Opinión

Aquellas misas de las familias

Fiesta de la Sagrada Familia en Colón.
photo_camera Fiesta de la Sagrada Familia en Colón.

Me recordaba ayer una compañera en estas lides periodísticas aquellos días, por estas fechas, en los que el cardenal Rouco era portada en los periódicos y la misa de las familias congregaba a un número no desdeñable de fieles en la plaza de Colón de Madrid.

Hay quien pueda pensar que esas misas formaban parte de la estrategia de la confrontación. Sinceramente creo que esa idea es más propia de quienes no digerían la libertad de los actos que de la realidad propositiva que conllevaban. La misa no puede ser un acto de confrontación, es un acto de sacralidad y comunión. Por lo tanto, lo propio de la expresión pública del cristianismo sería esa presencia elocuente del acto principal del amor que congrega, el banquete eucarístico al que todo el mundo está invitado y a nadie se rechaza.
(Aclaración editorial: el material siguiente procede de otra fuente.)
(* Let $I\subseteq\mathbb{R}$ be an interval equipped with Lebesgue measure, and let $\Theta\subseteq\mathbb{R}$ be an interval. Let $\{p_\theta\}_{\theta\in\Theta}$ be a family of strictly positive probability densities on $I$ with respect to Lebesgue measure, continuous in $\theta$ (for each $x\in I$, $\theta\mapsto p_\theta(x)$ is continuous), and with strictly monotone likelihood ratio (for $\theta'<\theta''$ in $\Theta$, $x\mapsto p_{\theta''}(x)/p_{\theta'}(x)$ is strictly increasing). Let $F(\theta,x)=\int_{I\cap]-\infty,x]}p_\theta(y)\,dy$ denote the distribution function of $\mathbb{P}_\theta=p_\theta\cdot\lambda$. For each $\theta\in\Theta\setminus\{\sup\Theta\}$ consider the one-sided hypotheses $\Theta_1^\theta=\,]-\infty,\theta]\cap\Theta$ and $\Theta_0^\theta=\,]\theta,+\infty[\cap\Theta$, and the neutral vote $Q^x(\Theta_1^\theta)=1-F(\theta,x)$. Then these votes are compatible, i.e. for Lebesgue-almost every $x\in I$ there exists a unique probability measure $Q^x$ on the $\sigma$-algebra of subsets of $\Theta$ generated by $\{\Theta_1^\theta:\theta\in\Theta\setminus\{\sup\Theta\}\}$ such that $Q^x(\Theta_1^\theta)=1-F(\theta,x)$ for all $\theta\in\Theta\setminus\{\sup\Theta\}$, if and only if for almost every $x\in I$: (1) $\lim_{\theta\to\sup\Theta}F(\theta,x)=0$ whenever $\sup\Theta\notin\Theta$; and (2) $\lim_{\theta\to\inf\Theta}F(\theta,x)=1$ whenever $\inf\Theta\notin\Theta$.
   Context: The quantity $1-F(\theta,x)$ is the "neutral vote" (the vote of experts at the boundary point $\theta$) in favour of the hypothesis $]-\infty,\theta]\cap\Theta$ when $x$ is observed. A family of such votes, indexed by a family of one-sided hypotheses, is called compatible when, for almost every observation $x$, the map assigning to each hypothesis its vote extends to a unique probability measure on the $\sigma$-algebra generated by these hypotheses. *)

theory Defs
  imports "HOL-Probability.Probability"
begin

definition distF :: "real set \<Rightarrow> (real \<Rightarrow> real \<Rightarrow> real) \<Rightarrow> real \<Rightarrow> real \<Rightarrow> real" where
  "distF I p \<theta> x = (LINT y:(I \<inter> {..x})|lebesgue. p \<theta> y)"

text \<open>Theta minus its supremum: the points of Theta that are not the maximum.\<close>
definition nonmax :: "real set \<Rightarrow> real set" where
  "nonmax \<Theta> = {\<theta> \<in> \<Theta>. \<exists>\<theta>'\<in>\<Theta>. \<theta> < \<theta>'}"

definition hyp1 :: "real set \<Rightarrow> real \<Rightarrow> real set" where
  "hyp1 \<Theta> \<theta> = {..\<theta>} \<inter> \<Theta>"

definition has_max :: "real set \<Rightarrow> bool" where
  "has_max \<Theta> \<longleftrightarrow> (\<exists>m\<in>\<Theta>. \<forall>t\<in>\<Theta>. t \<le> m)"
La misa del mundo. 

La verdad es que tenía ya amortizadas aquellas misas. Es decir, metidas en el libro de la historia. Pero no me parece mal la oportunidad para reflexionar sobre la presencia pública de la fe, sobre la respuesta que estamos dando a los retos que plantea el tiempo que vivimos.

En estos días pasados, y con motivo de la aprobación de la ley de eutanasia, leí un tuit en el que alguien decía que se ha aprobado una ley nefasta para la sociedad española sin la más mínima manifestación en contra en la calle. Tenemos el ejemplo de la ley de educación, también aprobada, en la que sí ha habido una respuesta social en la calle quizá porque hay intereses económicos directos en juego. Pero, ¿qué ha pasado con la eutanasia?

No se puede negar que ha habido declaraciones de la Conferencia Episcopal, tuits del secretario general para todas las causas. Tampoco es que hayan sido muchos los obispos que han escrito o se han movilizado. Y menos los grupos católicos, con la salvedad de la Asociación Católica de Propagandistas y su campaña Vividores, que ciertamente ruido ha hecho. Y los chicos de Hazte oír y compañía, para ser justos.

La ley de eutanasia, una legislación nefasta que lleva hasta las últimas consecuencias una conciencia sobre el sentido de la vida, se ha aprobado, por tanto, con solo algún silbido en contra. Y nada más. ¿Qué significa esto? ¿Acaso estamos en un tiempo en el que pensamos que las batallas morales están perdidas? ¿Acaso no existe una capacidad de respuesta pública ante lo que parece ser una conjura del mal, una constelación de legislaciones que van a acabar definitivamente con el sustrato ético de una sociedad?

No se trata solo de la protesta por la protesta. Ni de reivindicar la calle como el lugar de la revolución, idea propia históricamente de los marxismo. Se trata de tomar conciencia de que quienes piensan que ya no es posible el cambio de los modelos de Estado ahora apuestan por imponer el cambio de los modelos de sociedad.

Y que, como se puede comprobar por el pasado reciente, si algo tenían claro los cristianos en los países que se enfrentaron al comunismo histórico es que la Iglesia católica era la única salvaguarda que quedaba de los valores que emanan de esa dignidad de la persona, por ejemplo de la libertad y el respeto a la vida.

Pero parece que ahora estamos en un tiempo en el que se impone el silencio, y el griterío mediático que acalla el profetismo, también eclesial. Y que hay líderes eclesiásticos que han aceptado la proposición del contrario como suya.   Que conste que no es pesimismo, es constatación de una realidad que se percibe como avalancha.

Pero no desesperemos. Si algo significa la Navidad es esperanza en un tiempo nuevo.